I decided to ask fellow Forensicators if they knew the Jupyter/pandas ecosystem, and I found out that that many had heard about it but did not know how this could be of use or how it worked. One of them told me: “Well, I don't know very much about it, but I believe Jupyter is a web interface where you enter python commands, right?”.

And that somehow struck me. Well, it was technically true that Jupyter is an interface where you run “python” commands, and pandas is indeed written in python. But pandas or matplotlib are not really python itself. I mean, even if you don't have a clue of python, you can easily do pandas. I was surprised to learn that the pandas community is more than 10M users, and many of them are researchers with very little python knowledge. Actually, I've seen pandas notebooks created by primary/secondary school students, so it definitely couldn't be very difficult.

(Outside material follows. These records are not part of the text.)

lemma measure_dual_trunc_sigma0_piece_1:
  fixes K x :: real
  assumes "0 \<le> K" "-1 < x" "8 * x < 15 * K - 4"
  defines "T \<equiv> {m :: real^3. 0 \<le> inner m (vector [3 * K - 2, 1, -3]) \<and> 0 \<le> inner m (vector [-14, 5, -15])
                 \<and> 0 \<le> inner m (vector [2, 1, 5]) \<and> inner m (vector [x, 1, 0]) \<le> 1}"
  shows "T \<in> lmeasurable" and "measure lebesgue T = 4 * (15 * K + 4) / (45 * (x + 1) * (15 * K - 8 * x - 4))"
proof -
  define p q where "p = x + 1" and "q = 15 * K - 8 * x - 4"
  have pq: "0 < p" "0 < q"
    using assms by (auto simp: p_def q_def)
  \<comment> \<open>the points where the three edges of the cone meet the plane \<open>\<langle>m, (x, 1, 0)\<rangle> = 1\<close>\<close>
  define a where "a = (vector [1 / p, 1 / p, -3 / (5 * p)] :: real^3)"
  define b where "b = (vector [-8 / q, (15 * K - 4) / q, (4 - 3 * K) / q] :: real^3)"
  define c where "c = (vector [0, 1, 1/3] :: real^3)"
  note simps = a_def b_def c_def inner_vector_3 vector_3
  have "inner a (vector [3 * K - 2, 1, -3]) = (15 * K + 4) / (5 * p)"
    "inner b (vector [-14, 5, -15]) = 8 * (15 * K + 4) / q"
    "inner c (vector [2, 1, 5]) = 8 / 3"
    using pq by (simp_all add: simps field_simps)
  then have "0 < inner a (vector [3 * K - 2, 1, -3])" "0 < inner b (vector [-14, 5, -15])"
    "0 < inner c (vector [2, 1, 5])"
    using assms pq by simp_all
  moreover have "inner b (vector [3 * K - 2, 1, -3]) = 0" "inner c (vector [3 * K - 2, 1, -3]) = 0"
    "inner a (vector [-14, 5, -15]) = 0" "inner c (vector [-14, 5, -15]) = 0"
    "inner a (vector [2, 1, 5]) = 0" "inner b (vector [2, 1, 5]) = 0"
    using pq by (simp_all add: simps field_simps)
  moreover have "inner a (vector [x, 1, 0]) = (x + 1) / p" "inner b (vector [x, 1, 0]) = (15 * K - 8 * x - 4) / q"
    "inner c (vector [x, 1, 0]) = 1"
    using pq by (simp_all add: simps field_simps)
  then have "inner a (vector [x, 1, 0]) = 1" "inner b (vector [x, 1, 0]) = 1" "inner c (vector [x, 1, 0]) = 1"
    using pq by (simp_all add: p_def q_def)
  ultimately have "T \<in> lmeasurable \<and> measure lebesgue T = \<bar>det (vector [a, b, c] :: real^3^3)\<bar> / 6"
    unfolding T_def by (intro conjI measure_truncated_simplicial_cone_3) assumption+
  moreover have "\<bar>det (vector [a, b, c] :: real^3^3)\<bar> / 6 = 4 * (15 * K + 4) / (45 * p * q)"
    using assms pq by (simp add: det_3 simps field_simps)
  ultimately show "T \<in> lmeasurable" and "measure lebesgue T = 4 * (15 * K + 4) / (45 * (x + 1) * (15 * K - 8 * x - 4))"
    by (simp_all add: p_def q_def)
qed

Then I realized that what I really wanted to do was helping Forensicators to jump into Data Science, for that would open a new world of analysis possibilities for them. And the more Forensicators in the Data Science Community, the cooler analysis techniques we would be able develop!

This was not only about creating a library, it was about facilitating the transition from the traditional forensics world to the new Data Science DFIR world.

And that's how the DS4N6 Initiative was born, with the Mission to “Bring Data Science & Artificial Intelligence to the fingertips of the average Forensicator and promote advances in the field”.

The SANS DFIR Summit 2020: “Data Science for DFIR - The Force Awakens”

As it is often the case, you need some motivation and focus to make things work at the right pace, since otherwise you are always caught in your daily routine which sucks every minute you have.

Often times presenting at a relevant conference gives you the required “push” to get things moving at the right speed (at least that's how it works for me). Therefore I submitted a talk to the SANS DFIR US conference, which was accepted. The clock started ticking!

At this point, with a clear mind of what I wanted to do, I involved my team at One eSecurity. We launched the ds4n6.io website, our @ds4n6_io Twitter account, our github repo, Youtube channel, etc.

Then, I made my presentation at the SANS DFIR Summit!

It was received well, I got a lot of positive feedback, but I also realized that Forensicators still saw it as too difficult and complicated, they didn't see it as something they could use right away. And in a sense it was true: the ds4n6 library, while operational, was just a Proof of Concept. And there was still was a very big gap in terms of bridging the DFIR world with the DS/AI world. We really needed to work much harder to do things muuuuuch easier.

And after that… well I'm afraid you didn't hear from us in quite a long time. Please read on to understand why.

[This is Part I of a 2-part blog post series. Please Click Here for Part II of this post]

References

[1] Kristinn Gudjonsson, of plaso/Timesketch/picatrix fame, was specifically talking about it during the SANS DFIR Summit EU 2019. And there are references to it as far back as 2015, like this paper, DFIR Analysis and Reporting Improvements with Scientific Notebook Software, by Ben S. Knowles.
[2] The Threat Hunter Playbook project, by Roberto Rodriguez, makes profuse use of notebooks, but mostly oriented to event log analysis. Michael Cohen also published a couple of papers on how to use notebooks for Velocirraptor post-processing. And more recently picatrix by Kristinn Gudjonsson to interact with Timesketch.